Mayor
- In office 1919–1943
- Constituency: Bourges

Senator of the French Third Republic
- In office 1930–1943
- Constituency: Cher

Personal details
- Born: 20 February 1878 Vierzon, Cher, France
- Died: 10 October 1943 (aged 65) Bourges, Cher, France
- Occupation: Journalist

= Henri Laudier =

French journalist and politician

Henri Laudier (20 February 1878 - 10 October 1943) was a French journalist and politician.

== Biography ==
He was born at Vierzon, Cher department, France. In his early years he was a tailor and a town clerk before becoming a journalist. Laudier was the editor of Tocsin, a socialist weekly publication. He served the General Counsel of Bourges before becoming the mayor of Bourges from 1919 to 1943. He was a member of the French Section of the Workers' International (Section Française de l'Internationale Ouvrière) from 1919 to 1924. His book, Ce qu'est le parti socialiste was published in 1919 by SFIO's Librairie du parti socialiste.
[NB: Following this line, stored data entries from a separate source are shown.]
(* There is an absolute constant $c>0$ such that for every input $(A,W,k)$ of the Randomized Algorithm (with $A\in\mathbb{R}^{d\times d}$, $W\succeq0$, $k$ a positive integer), the set $S=\{i\in[d]:\epsilon_i=1\}$ formed by the algorithm satisfies $\mathbb P(|S|\le k)\ge1-\exp\{-ck\}$.
   Context: Randomized Algorithm (input $A$, PSD $W$, positive integer $k$): set $a_i=\sqrt{W_{ii}}$, $p_i=\min\{1,\ \tfrac23 ka_i/\sum_{j=1}^da_j+\tfrac1{12}kA_{ii}/\mathrm{tr}(A)\}$, and sample independently $\epsilon_i\in\{0,1\}$ with $\mathbb P(\epsilon_i=1)=p_i$; $S:=\{i:\epsilon_i=1\}$ (before any subsequent augmentation step). *)

theory Defs
  imports "HOL-Probability.Probability"
begin

text \<open>d x d real matrices are represented as functions nat => nat => real,
  only the entries with indices below d being relevant.\<close>

definition psd_mat :: "nat \<Rightarrow> (nat \<Rightarrow> nat \<Rightarrow> real) \<Rightarrow> bool" where
  "psd_mat d W \<longleftrightarrow> (\<forall>i<d. \<forall>j<d. W i j = W j i) \<and>
     (\<forall>x :: nat \<Rightarrow> real. 0 \<le> (\<Sum>i<d. \<Sum>j<d. x i * W i j * x j))"

definition mat_trace :: "nat \<Rightarrow> (nat \<Rightarrow> nat \<Rightarrow> real) \<Rightarrow> real" where
  "mat_trace d A = (\<Sum>i<d. A i i)"

definition alg_p :: "nat \<Rightarrow> (nat \<Rightarrow> nat \<Rightarrow> real) \<Rightarrow> (nat \<Rightarrow> nat \<Rightarrow> real) \<Rightarrow> nat \<Rightarrow> nat \<Rightarrow> real" where
  "alg_p d A W k i = min 1
     (2/3 * real k * sqrt (W i i) / (\<Sum>j<d. sqrt (W j j))
      + 1/12 * real k * A i i / mat_trace d A)"

definition alg_eps :: "nat \<Rightarrow> (nat \<Rightarrow> nat \<Rightarrow> real) \<Rightarrow> (nat \<Rightarrow> nat \<Rightarrow> real) \<Rightarrow> nat \<Rightarrow> (nat \<Rightarrow> bool) pmf" where
  "alg_eps d A W k = Pi_pmf {..<d} False (\<lambda>i. bernoulli_pmf (alg_p d A W k i))"

definition alg_S :: "nat \<Rightarrow> (nat \<Rightarrow> bool) \<Rightarrow> nat set" where
  "alg_S d \<epsilon> = {i\<in>{..<d}. \<epsilon> i}"

end

theory Submission
  imports Defs
begin

text \<open>The size of \<open>S\<close> is a sum of independent Bernoulli variables whose means add up to at
  most \<open>3k/4\<close>. An exponential moment bound (Chernoff) with base \<open>3/2\<close> gives
  \<open>E (3/2)^|S| \<le> exp (3k/8)\<close>, and Markov's inequality then bounds \<open>P(|S| > k)\<close> by
  \<open>exp (3k/8) / (3/2)^k = exp (-(ln (3/2) - 3/8) k)\<close>, where \<open>ln (3/2) > 3/8\<close>.\<close>

lemma power_card_eq_prod:
  "finite I \<Longrightarrow> b ^ card {i\<in>I. P i} = (\<Prod>i\<in>I. if P i then b else 1)"
  by (simp add: prod.If_cases Int_def)

lemma expectation_power_card_Pi_pmf_bernoulli:
  fixes b :: real
  assumes "finite I" and "\<And>i. i \<in> I \<Longrightarrow> 0 \<le> p i \<and> p i \<le> 1" and "0 \<le> b"
  shows "measure_pmf.expectation (Pi_pmf I False (\<lambda>i. bernoulli_pmf (p i)))
           (\<lambda>\<epsilon>. b ^ card {i\<in>I. \<epsilon> i}) = (\<Prod>i\<in>I. 1 + (b - 1) * p i)"
proof -
  have "measure_pmf.expectation (Pi_pmf I False (\<lambda>i. bernoulli_pmf (p i)))
          (\<lambda>\<epsilon>. \<Prod>i\<in>I. if \<epsilon> i then b else 1)
        = (\<Prod>i\<in>I. measure_pmf.expectation (bernoulli_pmf (p i)) (\<lambda>v. if v then b else 1))"
    using assms(1,3) by (intro expectation_prod_Pi_pmf) (auto intro: integrable_measure_pmf_finite)
  also have "\<dots> = (\<Prod>i\<in>I. 1 + (b - 1) * p i)"
    using assms(2) by (intro prod.cong refl) (simp add: algebra_simps)
  finally show ?thesis
    by (simp only: power_card_eq_prod[OF assms(1)])
qed

lemma expectation_power_card_Pi_pmf_bernoulli_le:
  fixes b :: real
  assumes "finite I" and "\<And>i. i \<in> I \<Longrightarrow> 0 \<le> p i \<and> p i \<le> 1" and "1 \<le> b"
  shows "measure_pmf.expectation (Pi_pmf I False (\<lambda>i. bernoulli_pmf (p i)))
           (\<lambda>\<epsilon>. b ^ card {i\<in>I. \<epsilon> i}) \<le> exp ((b - 1) * (\<Sum>i\<in>I. p i))"
proof -
  have "(\<Prod>i\<in>I. 1 + (b - 1) * p i) \<le> (\<Prod>i\<in>I. exp ((b - 1) * p i))"
    using assms(2,3) by (intro prod_mono) (auto simp: exp_ge_add_one_self)
  also have "\<dots> = exp ((b - 1) * (\<Sum>i\<in>I. p i))"
    using assms(1) by (simp add: exp_sum sum_distrib_left)
  finally show ?thesis
    using expectation_power_card_Pi_pmf_bernoulli[OF assms(1,2)] assms(3) by simp
qed

lemma prob_card_Pi_pmf_bernoulli_ge:
  fixes b :: real
  assumes "finite I" and "\<And>i. i \<in> I \<Longrightarrow> 0 \<le> p i \<and> p i \<le> 1" and "1 \<le> b"
  shows "measure_pmf.prob (Pi_pmf I False (\<lambda>i. bernoulli_pmf (p i))) {\<epsilon>. n \<le> card {i\<in>I. \<epsilon> i}}
           \<le> exp ((b - 1) * (\<Sum>i\<in>I. p i)) / b ^ n"
proof (cases "b = 1")
  case True
  then show ?thesis by simp
next
  case False
  with assms(3) have "1 < b" by simp
  define M where "M = Pi_pmf I False (\<lambda>i. bernoulli_pmf (p i))"
  define u where "u = (\<lambda>\<epsilon>. b ^ card {i\<in>I. \<epsilon> i})"
  have integrable: "integrable (measure_pmf M) u"
    unfolding u_def M_def power_card_eq_prod[OF assms(1)]
    using assms(1) by (intro integrable_prod_Pi_pmf) (auto intro: integrable_measure_pmf_finite)
  have "{\<epsilon>. n \<le> card {i\<in>I. \<epsilon> i}} = {\<epsilon> \<in> space (measure_pmf M). b ^ n \<le> u \<epsilon>}"
    using \<open>1 < b\<close> by (auto simp: u_def)
  then have "measure_pmf.prob M {\<epsilon>. n \<le> card {i\<in>I. \<epsilon> i}} \<le> measure_pmf.expectation M u / b ^ n"
    using \<open>1 < b\<close> by (simp only:)
      (rule integral_Markov_inequality_measure[OF integrable, of UNIV], auto simp: u_def)
  also have "\<dots> \<le> exp ((b - 1) * (\<Sum>i\<in>I. p i)) / b ^ n"
    using expectation_power_card_Pi_pmf_bernoulli_le[OF assms] \<open>1 < b\<close>
    by (intro divide_right_mono) (simp_all add: M_def u_def)
  finally show ?thesis
    unfolding M_def .
qed

lemma psd_mat_diag_nonneg:
  assumes "psd_mat d W" and "i < d"
  shows "0 \<le> W i i"
proof -
  define x where "x = (\<lambda>j. if j = i then 1 else (0::real))"
  have "0 \<le> (\<Sum>a<d. \<Sum>b<d. x a * W a b * x b)"
    using assms(1) unfolding psd_mat_def by blast
  also have "\<dots> = W i i"
    using assms(2) unfolding x_def
    by (simp add: if_distrib[of "\<lambda>c. c * _"] if_distrib[of "\<lambda>c. _ * c"] sum.delta cong: if_cong)
  finally show ?thesis .
qed

lemma alg_p_bounds:
  assumes "psd_mat d W" and "\<forall>i<d. 0 \<le> A i i" and "i < d"
  shows "0 \<le> alg_p d A W k i \<and> alg_p d A W k i \<le> 1"
proof -
  have "0 \<le> (\<Sum>j<d. sqrt (W j j))"
    by (intro sum_nonneg) (auto intro: psd_mat_diag_nonneg[OF assms(1)])
  moreover have "0 \<le> mat_trace d A"
    unfolding mat_trace_def using assms(2) by (intro sum_nonneg) auto
  ultimately show ?thesis
    using psd_mat_diag_nonneg[OF assms(1,3)] assms(2,3) unfolding alg_p_def by simp
qed

text \<open>No hypotheses are needed: \<open>x / x \<le> 1\<close> holds also for the junk value \<open>0 / 0 = 0\<close>.\<close>

lemma sum_alg_p_le:
  "(\<Sum>i<d. alg_p d A W k i) \<le> 3/4 * real k"
proof -
  define S where "S = (\<Sum>j<d. sqrt (W j j))"
  define T where "T = mat_trace d A"
  have "(\<Sum>i<d. alg_p d A W k i)
        \<le> (\<Sum>i<d. 2/3 * real k * sqrt (W i i) / S + 1/12 * real k * A i i / T)"
    unfolding alg_p_def S_def T_def by (intro sum_mono) simp
  also have "\<dots> = 2/3 * real k * (S / S) + 1/12 * real k * (T / T)"
    unfolding sum.distrib S_def T_def mat_trace_def
    by (simp add: sum_divide_distrib[symmetric] sum_distrib_left[symmetric] mult.assoc)
  also have "\<dots> \<le> 2/3 * real k + 1/12 * real k"
    by (intro add_mono mult_left_mono) (auto simp: divide_le_eq_1)
  finally show ?thesis by simp
qed

lemma ln_three_halves_gt: "3/8 < ln (3/2::real)"
proof -
  have "1 + (-1/8::real) \<le> exp (-1/8)"
    by (rule exp_ge_add_one_self)
  then have "exp (1/8::real) \<le> 8/7"
    by (simp add: exp_minus field_simps)
  then have "exp (1/8::real) ^ 3 \<le> (8/7) ^ 3"
    by (intro power_mono) auto
  moreover have "exp (1/8::real) ^ 3 = exp (3/8)"
    by (subst exp_of_nat_mult [symmetric]) simp
  ultimately have "exp (3/8::real) < 3/2"
    by (simp add: power3_eq_cube)
  then show ?thesis
    by (metis exp_gt_zero ln_exp ln_strict_mono)
qed

lemma prob_card_alg_S_gt:
  assumes "psd_mat d W" and "\<forall>i<d. 0 \<le> A i i"
  shows "measure_pmf.prob (alg_eps d A W k) {\<epsilon>. Suc k \<le> card (alg_S d \<epsilon>)}
           \<le> exp (- (ln (3/2) - 3/8) * real k)"
proof -
  have "measure_pmf.prob (alg_eps d A W k) {\<epsilon>. Suc k \<le> card (alg_S d \<epsilon>)}
        \<le> exp ((3/2 - 1) * (\<Sum>i<d. alg_p d A W k i)) / (3/2) ^ Suc k"
    unfolding alg_eps_def alg_S_def
    by (rule prob_card_Pi_pmf_bernoulli_ge) (auto simp: alg_p_bounds[of d W A, OF assms])
  also have "\<dots> \<le> exp (3/8 * real k) / (3/2) ^ k"
    using sum_alg_p_le[of d A W k] by (intro frac_le) auto
  also have "(3/2::real) ^ k = exp (ln (3/2) * real k)"
    by (simp add: mult.commute[of "ln _"] exp_of_nat_mult)
  also have "exp (3/8 * real k) / \<dots> = exp (- (ln (3/2) - 3/8) * real k)"
    by (simp add: exp_diff[symmetric] algebra_simps)
  finally show ?thesis .
qed

theorem proposition5:
  "\<exists>c>0. \<forall>(d::nat) (A::nat \<Rightarrow> nat \<Rightarrow> real) (W::nat \<Rightarrow> nat \<Rightarrow> real) (k::nat).
     psd_mat d W \<longrightarrow> (\<forall>i<d. 0 \<le> A i i) \<longrightarrow> 0 < k \<longrightarrow>
     measure_pmf.prob (alg_eps d A W k) {\<epsilon>. card (alg_S d \<epsilon>) \<le> k}
       \<ge> 1 - exp (- c * real k)"
proof (intro exI[of _ "ln (3/2) - 3/8"] conjI allI impI)
  show "0 < ln (3/2::real) - 3/8"
    using ln_three_halves_gt by simp
  fix d k :: nat and A W :: "nat \<Rightarrow> nat \<Rightarrow> real"
  assume W: "psd_mat d W" and A: "\<forall>i<d. 0 \<le> A i i"
  let ?M = "alg_eps d A W k" and ?large = "{\<epsilon>. Suc k \<le> card (alg_S d \<epsilon>)}"
  have "{\<epsilon>. card (alg_S d \<epsilon>) \<le> k} = UNIV - ?large"
    by auto
  then have "measure_pmf.prob ?M {\<epsilon>. card (alg_S d \<epsilon>) \<le> k} = 1 - measure_pmf.prob ?M ?large"
    using measure_pmf.prob_compl[of ?large ?M] by simp
  then show "1 - exp (- (ln (3/2) - 3/8) * real k) \<le> measure_pmf.prob ?M {\<epsilon>. card (alg_S d \<epsilon>) \<le> k}"
    using prob_card_alg_S_gt[of d W A k, OF W A] by simp
qed

end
Laudier was a member of the Chamber of Deputies (1919-1924).
He was a Senator of the French Third Republic representing Cher elected in 1930 and reelected 1939, with his term ending upon his death in 1943. On 10 July 1940, he voted as a Senator in favour of granting the cabinet presided by Marshal Philippe Pétain authority to draw up a new constitution, thereby effectively ending the French Third Republic and establishing Vichy France. He died in Bourges, Cher, France.